**About this task:** Every line of the records below from the line with "unfolding marginal_def by (simp add: join_assoc" up to and including the line with "(N - Suc j)." must be reproduced exactly, and no line outside that range.

### The data ###

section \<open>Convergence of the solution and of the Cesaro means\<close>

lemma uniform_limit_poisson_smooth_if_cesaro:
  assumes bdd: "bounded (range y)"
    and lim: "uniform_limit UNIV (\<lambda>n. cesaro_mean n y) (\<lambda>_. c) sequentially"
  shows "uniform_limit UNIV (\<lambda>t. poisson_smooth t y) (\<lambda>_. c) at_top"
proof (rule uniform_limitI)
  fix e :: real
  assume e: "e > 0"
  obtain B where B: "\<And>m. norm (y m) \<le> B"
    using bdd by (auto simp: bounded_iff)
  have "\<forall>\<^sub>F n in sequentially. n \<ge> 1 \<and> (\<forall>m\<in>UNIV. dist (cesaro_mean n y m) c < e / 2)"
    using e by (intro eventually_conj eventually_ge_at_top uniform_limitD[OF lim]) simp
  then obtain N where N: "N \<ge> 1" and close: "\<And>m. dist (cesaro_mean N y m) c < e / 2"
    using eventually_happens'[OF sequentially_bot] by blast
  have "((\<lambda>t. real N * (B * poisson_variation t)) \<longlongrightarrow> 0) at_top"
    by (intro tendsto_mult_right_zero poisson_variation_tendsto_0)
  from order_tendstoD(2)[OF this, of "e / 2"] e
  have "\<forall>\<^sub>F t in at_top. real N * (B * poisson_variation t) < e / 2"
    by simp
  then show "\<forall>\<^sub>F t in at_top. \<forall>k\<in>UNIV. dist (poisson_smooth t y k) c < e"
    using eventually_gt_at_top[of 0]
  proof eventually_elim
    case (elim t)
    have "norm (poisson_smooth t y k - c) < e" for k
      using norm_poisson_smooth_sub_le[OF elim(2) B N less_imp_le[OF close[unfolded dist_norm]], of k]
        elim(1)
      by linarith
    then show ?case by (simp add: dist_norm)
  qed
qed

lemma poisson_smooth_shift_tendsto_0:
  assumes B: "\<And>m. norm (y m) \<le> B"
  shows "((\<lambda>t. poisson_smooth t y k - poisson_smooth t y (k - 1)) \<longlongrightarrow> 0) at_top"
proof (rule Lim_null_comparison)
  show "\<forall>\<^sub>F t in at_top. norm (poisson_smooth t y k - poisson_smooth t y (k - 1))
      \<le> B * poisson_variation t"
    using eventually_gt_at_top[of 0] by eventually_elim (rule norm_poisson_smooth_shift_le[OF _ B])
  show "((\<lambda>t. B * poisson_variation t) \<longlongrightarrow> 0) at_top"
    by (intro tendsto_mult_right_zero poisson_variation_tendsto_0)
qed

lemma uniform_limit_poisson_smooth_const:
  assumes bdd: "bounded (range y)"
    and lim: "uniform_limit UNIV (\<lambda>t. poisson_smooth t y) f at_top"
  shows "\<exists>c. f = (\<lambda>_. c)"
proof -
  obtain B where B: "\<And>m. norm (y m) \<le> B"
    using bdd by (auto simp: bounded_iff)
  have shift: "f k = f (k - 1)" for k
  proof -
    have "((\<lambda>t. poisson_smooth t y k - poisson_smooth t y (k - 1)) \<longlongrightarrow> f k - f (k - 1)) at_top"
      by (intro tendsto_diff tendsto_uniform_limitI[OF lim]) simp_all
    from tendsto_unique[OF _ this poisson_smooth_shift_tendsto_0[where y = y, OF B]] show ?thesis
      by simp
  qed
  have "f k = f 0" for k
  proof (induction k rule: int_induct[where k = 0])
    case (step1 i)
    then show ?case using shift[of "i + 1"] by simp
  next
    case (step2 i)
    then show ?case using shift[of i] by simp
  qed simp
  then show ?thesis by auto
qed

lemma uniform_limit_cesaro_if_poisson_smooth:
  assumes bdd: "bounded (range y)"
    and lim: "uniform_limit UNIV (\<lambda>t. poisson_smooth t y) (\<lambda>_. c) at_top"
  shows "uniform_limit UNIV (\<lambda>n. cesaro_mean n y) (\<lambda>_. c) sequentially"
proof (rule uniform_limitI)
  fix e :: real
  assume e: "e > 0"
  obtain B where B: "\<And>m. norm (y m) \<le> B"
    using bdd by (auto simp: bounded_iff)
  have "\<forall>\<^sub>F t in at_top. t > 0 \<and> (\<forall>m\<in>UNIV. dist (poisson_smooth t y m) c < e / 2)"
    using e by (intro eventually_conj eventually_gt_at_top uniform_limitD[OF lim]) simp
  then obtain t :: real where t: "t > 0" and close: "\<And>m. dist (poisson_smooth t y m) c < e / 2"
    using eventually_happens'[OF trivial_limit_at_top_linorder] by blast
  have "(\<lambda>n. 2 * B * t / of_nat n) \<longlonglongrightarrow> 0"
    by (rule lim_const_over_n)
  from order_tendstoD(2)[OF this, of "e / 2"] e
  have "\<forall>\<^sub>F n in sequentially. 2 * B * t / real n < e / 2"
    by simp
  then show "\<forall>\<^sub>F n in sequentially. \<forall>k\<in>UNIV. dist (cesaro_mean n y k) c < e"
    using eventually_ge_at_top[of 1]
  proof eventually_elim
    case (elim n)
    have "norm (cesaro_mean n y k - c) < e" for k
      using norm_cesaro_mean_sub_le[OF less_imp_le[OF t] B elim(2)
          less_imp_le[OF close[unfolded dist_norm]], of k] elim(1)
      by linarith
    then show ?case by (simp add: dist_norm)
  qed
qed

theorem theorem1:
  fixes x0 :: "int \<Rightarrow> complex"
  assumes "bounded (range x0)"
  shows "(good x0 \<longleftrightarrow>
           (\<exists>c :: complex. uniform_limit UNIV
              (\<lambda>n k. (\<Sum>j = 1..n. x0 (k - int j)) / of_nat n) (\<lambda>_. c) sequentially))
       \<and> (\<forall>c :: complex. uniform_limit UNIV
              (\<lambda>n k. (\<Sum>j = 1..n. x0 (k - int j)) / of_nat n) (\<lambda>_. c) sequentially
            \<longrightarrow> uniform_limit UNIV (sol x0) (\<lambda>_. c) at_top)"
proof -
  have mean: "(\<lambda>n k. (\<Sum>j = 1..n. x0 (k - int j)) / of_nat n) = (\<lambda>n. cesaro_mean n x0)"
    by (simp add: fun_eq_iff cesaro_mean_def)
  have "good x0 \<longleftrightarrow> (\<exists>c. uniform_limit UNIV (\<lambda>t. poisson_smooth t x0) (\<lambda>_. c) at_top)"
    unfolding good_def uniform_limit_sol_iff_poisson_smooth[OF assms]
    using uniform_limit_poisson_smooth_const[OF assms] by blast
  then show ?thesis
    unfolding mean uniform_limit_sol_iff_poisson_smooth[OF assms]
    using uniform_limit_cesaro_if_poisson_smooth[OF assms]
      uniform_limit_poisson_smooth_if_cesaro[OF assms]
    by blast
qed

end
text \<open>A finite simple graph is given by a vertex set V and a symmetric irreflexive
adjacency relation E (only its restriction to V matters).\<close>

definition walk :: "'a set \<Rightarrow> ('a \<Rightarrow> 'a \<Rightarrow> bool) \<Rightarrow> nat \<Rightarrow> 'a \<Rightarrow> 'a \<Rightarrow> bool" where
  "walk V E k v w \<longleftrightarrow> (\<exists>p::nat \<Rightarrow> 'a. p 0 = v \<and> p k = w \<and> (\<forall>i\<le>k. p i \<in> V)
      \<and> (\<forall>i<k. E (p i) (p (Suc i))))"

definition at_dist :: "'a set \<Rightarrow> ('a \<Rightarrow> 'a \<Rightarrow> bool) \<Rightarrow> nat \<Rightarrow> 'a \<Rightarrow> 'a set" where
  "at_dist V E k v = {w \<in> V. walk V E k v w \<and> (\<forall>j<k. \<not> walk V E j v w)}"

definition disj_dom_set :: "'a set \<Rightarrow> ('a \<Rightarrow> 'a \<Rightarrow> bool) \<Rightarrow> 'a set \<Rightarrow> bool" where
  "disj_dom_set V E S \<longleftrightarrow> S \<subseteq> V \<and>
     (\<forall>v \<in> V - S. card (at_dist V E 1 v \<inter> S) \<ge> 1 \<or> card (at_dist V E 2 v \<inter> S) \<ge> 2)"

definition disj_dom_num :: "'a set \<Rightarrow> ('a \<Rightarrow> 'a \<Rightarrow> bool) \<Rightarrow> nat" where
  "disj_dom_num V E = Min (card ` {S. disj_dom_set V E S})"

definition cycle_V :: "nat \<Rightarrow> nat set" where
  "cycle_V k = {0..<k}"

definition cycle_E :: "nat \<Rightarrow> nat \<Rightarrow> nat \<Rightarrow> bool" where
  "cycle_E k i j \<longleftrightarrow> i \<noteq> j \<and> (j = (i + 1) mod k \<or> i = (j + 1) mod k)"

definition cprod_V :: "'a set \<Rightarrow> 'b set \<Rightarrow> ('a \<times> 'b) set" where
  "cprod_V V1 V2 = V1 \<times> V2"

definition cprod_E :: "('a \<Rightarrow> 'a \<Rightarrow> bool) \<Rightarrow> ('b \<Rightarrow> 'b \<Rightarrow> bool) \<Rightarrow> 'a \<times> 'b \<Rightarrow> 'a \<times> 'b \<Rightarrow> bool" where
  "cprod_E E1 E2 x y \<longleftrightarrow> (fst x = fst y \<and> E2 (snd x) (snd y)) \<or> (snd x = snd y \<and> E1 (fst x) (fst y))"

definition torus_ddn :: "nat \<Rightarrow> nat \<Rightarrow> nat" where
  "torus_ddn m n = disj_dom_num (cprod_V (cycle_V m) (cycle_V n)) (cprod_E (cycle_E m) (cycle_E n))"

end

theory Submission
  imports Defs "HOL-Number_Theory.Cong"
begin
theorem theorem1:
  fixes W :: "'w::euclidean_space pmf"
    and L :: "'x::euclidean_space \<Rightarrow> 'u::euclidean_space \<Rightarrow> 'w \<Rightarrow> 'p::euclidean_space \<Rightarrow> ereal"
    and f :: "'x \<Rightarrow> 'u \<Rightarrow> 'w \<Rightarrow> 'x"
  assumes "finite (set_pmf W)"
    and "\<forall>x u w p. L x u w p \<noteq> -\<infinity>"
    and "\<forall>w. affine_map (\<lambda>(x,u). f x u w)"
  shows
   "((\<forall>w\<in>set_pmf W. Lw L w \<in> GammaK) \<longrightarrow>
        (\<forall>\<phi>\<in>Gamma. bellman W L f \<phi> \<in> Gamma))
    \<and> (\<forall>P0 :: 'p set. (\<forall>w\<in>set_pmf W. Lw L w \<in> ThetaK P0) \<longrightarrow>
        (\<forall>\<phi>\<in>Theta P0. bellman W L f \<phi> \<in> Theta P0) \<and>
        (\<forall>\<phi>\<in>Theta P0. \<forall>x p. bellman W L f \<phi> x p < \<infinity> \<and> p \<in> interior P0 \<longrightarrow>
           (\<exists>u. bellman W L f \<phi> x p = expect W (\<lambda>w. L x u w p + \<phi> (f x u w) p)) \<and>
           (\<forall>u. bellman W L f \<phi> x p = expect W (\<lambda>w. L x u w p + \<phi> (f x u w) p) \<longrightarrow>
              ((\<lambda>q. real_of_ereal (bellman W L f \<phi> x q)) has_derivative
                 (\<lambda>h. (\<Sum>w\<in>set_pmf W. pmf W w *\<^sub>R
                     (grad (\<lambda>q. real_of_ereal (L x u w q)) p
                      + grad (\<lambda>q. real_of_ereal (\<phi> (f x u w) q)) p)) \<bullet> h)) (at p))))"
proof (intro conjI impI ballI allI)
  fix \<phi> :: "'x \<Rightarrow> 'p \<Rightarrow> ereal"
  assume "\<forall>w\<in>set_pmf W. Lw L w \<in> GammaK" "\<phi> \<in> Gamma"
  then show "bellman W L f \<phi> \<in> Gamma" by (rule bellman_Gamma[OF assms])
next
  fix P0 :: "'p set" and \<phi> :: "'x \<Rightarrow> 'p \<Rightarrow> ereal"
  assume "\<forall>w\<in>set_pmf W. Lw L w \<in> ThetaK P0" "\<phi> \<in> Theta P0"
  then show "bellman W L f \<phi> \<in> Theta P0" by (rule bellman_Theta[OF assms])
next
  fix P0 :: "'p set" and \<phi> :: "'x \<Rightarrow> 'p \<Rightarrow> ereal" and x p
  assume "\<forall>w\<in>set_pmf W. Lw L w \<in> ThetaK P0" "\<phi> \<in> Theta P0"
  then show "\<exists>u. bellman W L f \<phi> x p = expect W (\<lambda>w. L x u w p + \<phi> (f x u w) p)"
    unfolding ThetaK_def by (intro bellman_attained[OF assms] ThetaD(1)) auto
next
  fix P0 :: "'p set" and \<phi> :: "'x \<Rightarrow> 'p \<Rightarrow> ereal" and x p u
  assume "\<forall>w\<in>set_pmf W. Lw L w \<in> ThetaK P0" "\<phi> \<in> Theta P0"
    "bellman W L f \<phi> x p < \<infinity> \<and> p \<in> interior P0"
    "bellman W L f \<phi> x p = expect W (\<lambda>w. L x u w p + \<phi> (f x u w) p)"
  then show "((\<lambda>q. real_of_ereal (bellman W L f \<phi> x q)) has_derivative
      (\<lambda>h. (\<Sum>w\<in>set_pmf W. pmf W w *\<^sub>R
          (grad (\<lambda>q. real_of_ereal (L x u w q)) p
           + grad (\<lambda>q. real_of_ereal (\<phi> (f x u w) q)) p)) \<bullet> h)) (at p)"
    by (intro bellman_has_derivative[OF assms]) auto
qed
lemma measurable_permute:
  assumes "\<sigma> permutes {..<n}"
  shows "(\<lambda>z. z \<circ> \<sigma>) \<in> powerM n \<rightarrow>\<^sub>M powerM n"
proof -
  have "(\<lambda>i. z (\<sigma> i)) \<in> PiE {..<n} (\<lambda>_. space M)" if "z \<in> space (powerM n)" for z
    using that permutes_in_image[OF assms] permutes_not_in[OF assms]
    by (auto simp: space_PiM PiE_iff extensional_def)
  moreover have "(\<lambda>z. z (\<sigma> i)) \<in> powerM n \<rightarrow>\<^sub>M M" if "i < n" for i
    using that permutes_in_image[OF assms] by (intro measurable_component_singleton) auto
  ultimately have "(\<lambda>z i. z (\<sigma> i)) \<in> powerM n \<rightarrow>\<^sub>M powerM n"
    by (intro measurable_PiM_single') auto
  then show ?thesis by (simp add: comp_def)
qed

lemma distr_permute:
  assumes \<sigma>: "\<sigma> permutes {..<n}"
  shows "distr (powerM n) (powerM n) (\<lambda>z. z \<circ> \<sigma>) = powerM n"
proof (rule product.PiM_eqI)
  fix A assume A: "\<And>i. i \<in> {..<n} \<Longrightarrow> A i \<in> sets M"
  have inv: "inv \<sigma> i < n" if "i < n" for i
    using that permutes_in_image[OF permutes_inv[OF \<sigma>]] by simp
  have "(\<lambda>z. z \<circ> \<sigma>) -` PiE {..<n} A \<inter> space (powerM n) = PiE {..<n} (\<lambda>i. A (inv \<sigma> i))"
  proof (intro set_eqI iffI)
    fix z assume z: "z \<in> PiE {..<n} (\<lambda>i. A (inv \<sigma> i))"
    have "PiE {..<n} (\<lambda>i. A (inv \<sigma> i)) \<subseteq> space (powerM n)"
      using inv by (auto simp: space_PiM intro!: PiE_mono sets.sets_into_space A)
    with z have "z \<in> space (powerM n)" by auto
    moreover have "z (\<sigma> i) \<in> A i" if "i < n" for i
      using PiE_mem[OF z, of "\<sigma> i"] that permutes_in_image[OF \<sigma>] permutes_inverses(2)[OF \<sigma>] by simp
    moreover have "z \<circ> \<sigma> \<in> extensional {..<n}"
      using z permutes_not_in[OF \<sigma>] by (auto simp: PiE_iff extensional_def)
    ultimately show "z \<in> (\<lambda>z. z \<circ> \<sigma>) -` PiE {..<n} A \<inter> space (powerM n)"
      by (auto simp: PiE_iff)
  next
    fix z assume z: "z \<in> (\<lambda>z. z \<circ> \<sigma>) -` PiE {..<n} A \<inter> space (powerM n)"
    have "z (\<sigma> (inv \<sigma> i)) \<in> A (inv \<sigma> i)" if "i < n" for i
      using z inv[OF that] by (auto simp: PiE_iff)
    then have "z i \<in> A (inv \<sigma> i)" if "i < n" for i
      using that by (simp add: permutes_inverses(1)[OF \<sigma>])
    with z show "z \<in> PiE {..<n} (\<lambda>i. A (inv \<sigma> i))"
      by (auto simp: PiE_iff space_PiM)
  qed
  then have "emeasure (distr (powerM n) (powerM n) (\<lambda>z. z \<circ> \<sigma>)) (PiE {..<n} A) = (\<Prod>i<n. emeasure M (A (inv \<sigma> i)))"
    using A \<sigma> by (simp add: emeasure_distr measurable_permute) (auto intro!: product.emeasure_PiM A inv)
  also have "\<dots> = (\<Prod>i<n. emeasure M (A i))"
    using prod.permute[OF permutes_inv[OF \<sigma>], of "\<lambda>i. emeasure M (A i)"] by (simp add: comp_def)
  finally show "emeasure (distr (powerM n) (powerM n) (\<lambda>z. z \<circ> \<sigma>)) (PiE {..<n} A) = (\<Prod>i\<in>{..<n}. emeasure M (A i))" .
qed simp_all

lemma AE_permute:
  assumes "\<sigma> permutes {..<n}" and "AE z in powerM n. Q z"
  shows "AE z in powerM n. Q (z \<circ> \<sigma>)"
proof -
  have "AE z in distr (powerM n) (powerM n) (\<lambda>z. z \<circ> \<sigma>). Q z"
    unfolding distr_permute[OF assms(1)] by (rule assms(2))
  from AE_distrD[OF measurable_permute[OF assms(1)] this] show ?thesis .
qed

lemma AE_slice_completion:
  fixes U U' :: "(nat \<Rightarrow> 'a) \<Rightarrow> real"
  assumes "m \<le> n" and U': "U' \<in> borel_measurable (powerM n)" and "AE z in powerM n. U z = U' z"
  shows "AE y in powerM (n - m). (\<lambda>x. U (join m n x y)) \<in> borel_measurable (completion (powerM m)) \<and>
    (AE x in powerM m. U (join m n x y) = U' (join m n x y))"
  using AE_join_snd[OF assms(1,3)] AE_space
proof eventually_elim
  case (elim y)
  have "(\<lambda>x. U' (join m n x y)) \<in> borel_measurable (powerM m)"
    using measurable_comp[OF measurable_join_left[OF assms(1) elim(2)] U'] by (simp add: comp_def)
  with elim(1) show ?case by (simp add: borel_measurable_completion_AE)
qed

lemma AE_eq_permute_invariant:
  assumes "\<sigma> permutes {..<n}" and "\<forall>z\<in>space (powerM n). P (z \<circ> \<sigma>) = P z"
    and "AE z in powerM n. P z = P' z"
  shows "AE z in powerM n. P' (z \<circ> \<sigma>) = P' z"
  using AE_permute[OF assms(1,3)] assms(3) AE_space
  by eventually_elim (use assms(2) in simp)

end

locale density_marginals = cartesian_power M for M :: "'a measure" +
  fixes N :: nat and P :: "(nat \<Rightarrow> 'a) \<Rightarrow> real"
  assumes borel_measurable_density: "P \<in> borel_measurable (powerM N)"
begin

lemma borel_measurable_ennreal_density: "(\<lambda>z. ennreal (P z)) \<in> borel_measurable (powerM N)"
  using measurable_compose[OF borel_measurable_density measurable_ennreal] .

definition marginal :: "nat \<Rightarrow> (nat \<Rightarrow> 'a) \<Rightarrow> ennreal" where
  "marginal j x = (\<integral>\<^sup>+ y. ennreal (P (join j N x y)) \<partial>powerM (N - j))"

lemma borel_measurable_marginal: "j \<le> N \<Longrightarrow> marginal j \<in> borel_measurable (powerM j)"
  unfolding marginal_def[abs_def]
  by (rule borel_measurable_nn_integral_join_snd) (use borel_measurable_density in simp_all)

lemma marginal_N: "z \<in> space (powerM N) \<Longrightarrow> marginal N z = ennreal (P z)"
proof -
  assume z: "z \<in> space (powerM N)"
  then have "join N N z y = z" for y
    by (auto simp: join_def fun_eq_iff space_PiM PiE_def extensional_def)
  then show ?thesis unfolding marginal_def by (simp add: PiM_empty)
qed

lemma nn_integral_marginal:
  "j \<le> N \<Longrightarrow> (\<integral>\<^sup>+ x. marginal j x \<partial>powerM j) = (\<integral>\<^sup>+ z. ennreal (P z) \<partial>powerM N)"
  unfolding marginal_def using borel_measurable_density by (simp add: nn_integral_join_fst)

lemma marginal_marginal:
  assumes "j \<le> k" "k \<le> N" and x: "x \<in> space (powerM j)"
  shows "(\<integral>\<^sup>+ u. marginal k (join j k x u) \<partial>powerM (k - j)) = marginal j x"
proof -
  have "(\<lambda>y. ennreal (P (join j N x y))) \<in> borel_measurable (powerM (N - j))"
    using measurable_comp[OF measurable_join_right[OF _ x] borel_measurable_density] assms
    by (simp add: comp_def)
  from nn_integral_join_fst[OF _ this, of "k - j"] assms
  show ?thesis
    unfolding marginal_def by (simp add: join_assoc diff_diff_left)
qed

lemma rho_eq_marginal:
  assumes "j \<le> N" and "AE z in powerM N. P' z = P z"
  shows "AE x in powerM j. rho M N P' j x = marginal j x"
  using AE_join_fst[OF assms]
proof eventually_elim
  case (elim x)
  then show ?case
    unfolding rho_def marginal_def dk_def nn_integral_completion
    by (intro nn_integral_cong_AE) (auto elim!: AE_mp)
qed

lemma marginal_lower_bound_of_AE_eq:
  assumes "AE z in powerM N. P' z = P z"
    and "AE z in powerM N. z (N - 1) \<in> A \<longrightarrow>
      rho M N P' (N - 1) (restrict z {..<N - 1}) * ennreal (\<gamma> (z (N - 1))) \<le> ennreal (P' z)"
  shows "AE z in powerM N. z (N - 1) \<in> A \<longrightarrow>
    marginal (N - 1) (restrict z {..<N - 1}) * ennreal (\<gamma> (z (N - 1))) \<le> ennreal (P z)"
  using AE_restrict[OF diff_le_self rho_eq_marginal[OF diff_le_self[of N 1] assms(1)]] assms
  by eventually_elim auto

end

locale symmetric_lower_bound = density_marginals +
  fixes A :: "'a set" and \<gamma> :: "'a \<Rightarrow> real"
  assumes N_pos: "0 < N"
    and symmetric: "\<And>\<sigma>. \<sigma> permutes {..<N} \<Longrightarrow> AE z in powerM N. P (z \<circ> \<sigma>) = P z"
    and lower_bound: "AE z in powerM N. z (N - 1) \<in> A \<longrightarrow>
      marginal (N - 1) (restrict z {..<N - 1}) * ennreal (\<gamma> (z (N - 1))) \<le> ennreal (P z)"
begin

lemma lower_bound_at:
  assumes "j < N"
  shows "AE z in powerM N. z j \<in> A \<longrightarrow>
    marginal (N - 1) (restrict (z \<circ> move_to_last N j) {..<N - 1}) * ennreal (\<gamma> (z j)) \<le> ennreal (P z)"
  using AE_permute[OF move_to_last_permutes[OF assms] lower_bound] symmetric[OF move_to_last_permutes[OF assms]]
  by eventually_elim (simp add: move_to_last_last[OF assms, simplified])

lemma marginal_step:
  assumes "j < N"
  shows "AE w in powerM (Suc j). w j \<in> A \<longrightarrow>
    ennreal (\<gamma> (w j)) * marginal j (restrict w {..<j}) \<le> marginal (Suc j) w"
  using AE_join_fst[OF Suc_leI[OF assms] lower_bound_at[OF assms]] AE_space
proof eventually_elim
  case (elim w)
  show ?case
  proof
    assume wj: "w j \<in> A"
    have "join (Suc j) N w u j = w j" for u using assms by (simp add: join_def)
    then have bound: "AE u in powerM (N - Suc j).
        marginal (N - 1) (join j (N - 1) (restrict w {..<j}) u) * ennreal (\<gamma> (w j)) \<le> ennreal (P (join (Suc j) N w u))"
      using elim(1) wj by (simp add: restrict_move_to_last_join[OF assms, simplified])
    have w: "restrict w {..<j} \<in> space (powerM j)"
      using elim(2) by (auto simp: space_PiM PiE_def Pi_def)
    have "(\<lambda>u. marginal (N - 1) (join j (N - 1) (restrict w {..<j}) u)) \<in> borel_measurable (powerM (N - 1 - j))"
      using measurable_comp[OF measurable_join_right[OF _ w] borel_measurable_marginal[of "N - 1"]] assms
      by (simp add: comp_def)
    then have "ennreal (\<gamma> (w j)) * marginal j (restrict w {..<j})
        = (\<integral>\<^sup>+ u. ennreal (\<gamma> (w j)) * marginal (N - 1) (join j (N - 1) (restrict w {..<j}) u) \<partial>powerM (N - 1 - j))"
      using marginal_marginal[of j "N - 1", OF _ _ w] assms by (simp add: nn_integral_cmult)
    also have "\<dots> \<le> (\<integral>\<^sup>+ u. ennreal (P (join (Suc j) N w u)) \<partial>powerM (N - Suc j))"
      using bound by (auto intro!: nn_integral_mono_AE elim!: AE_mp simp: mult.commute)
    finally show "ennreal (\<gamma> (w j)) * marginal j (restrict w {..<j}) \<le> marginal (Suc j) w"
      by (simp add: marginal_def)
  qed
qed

###

**Solution to this problem:**
    unfolding marginal_def by (simp add: join_assoc diff_diff_left)
qed

lemma rho_eq_marginal:
  assumes "j \<le> N" and "AE z in powerM N. P' z = P z"
  shows "AE x in powerM j. rho M N P' j x = marginal j x"
  using AE_join_fst[OF assms]
proof eventually_elim
  case (elim x)
  then show ?case
    unfolding rho_def marginal_def dk_def nn_integral_completion
    by (intro nn_integral_cong_AE) (auto elim!: AE_mp)
qed

lemma marginal_lower_bound_of_AE_eq:
  assumes "AE z in powerM N. P' z = P z"
    and "AE z in powerM N. z (N - 1) \<in> A \<longrightarrow>
      rho M N P' (N - 1) (restrict z {..<N - 1}) * ennreal (\<gamma> (z (N - 1))) \<le> ennreal (P' z)"
  shows "AE z in powerM N. z (N - 1) \<in> A \<longrightarrow>
    marginal (N - 1) (restrict z {..<N - 1}) * ennreal (\<gamma> (z (N - 1))) \<le> ennreal (P z)"
  using AE_restrict[OF diff_le_self rho_eq_marginal[OF diff_le_self[of N 1] assms(1)]] assms
  by eventually_elim auto

end

locale symmetric_lower_bound = density_marginals +
  fixes A :: "'a set" and \<gamma> :: "'a \<Rightarrow> real"
  assumes N_pos: "0 < N"
    and symmetric: "\<And>\<sigma>. \<sigma> permutes {..<N} \<Longrightarrow> AE z in powerM N. P (z \<circ> \<sigma>) = P z"
    and lower_bound: "AE z in powerM N. z (N - 1) \<in> A \<longrightarrow>
      marginal (N - 1) (restrict z {..<N - 1}) * ennreal (\<gamma> (z (N - 1))) \<le> ennreal (P z)"
begin

lemma lower_bound_at:
  assumes "j < N"
  shows "AE z in powerM N. z j \<in> A \<longrightarrow>
    marginal (N - 1) (restrict (z \<circ> move_to_last N j) {..<N - 1}) * ennreal (\<gamma> (z j)) \<le> ennreal (P z)"
  using AE_permute[OF move_to_last_permutes[OF assms] lower_bound] symmetric[OF move_to_last_permutes[OF assms]]
  by eventually_elim (simp add: move_to_last_last[OF assms, simplified])

lemma marginal_step:
  assumes "j < N"
  shows "AE w in powerM (Suc j). w j \<in> A \<longrightarrow>
    ennreal (\<gamma> (w j)) * marginal j (restrict w {..<j}) \<le> marginal (Suc j) w"
  using AE_join_fst[OF Suc_leI[OF assms] lower_bound_at[OF assms]] AE_space
proof eventually_elim
  case (elim w)
  show ?case
  proof
    assume wj: "w j \<in> A"
    have "join (Suc j) N w u j = w j" for u using assms by (simp add: join_def)
    then have bound: "AE u in powerM (N - Suc j).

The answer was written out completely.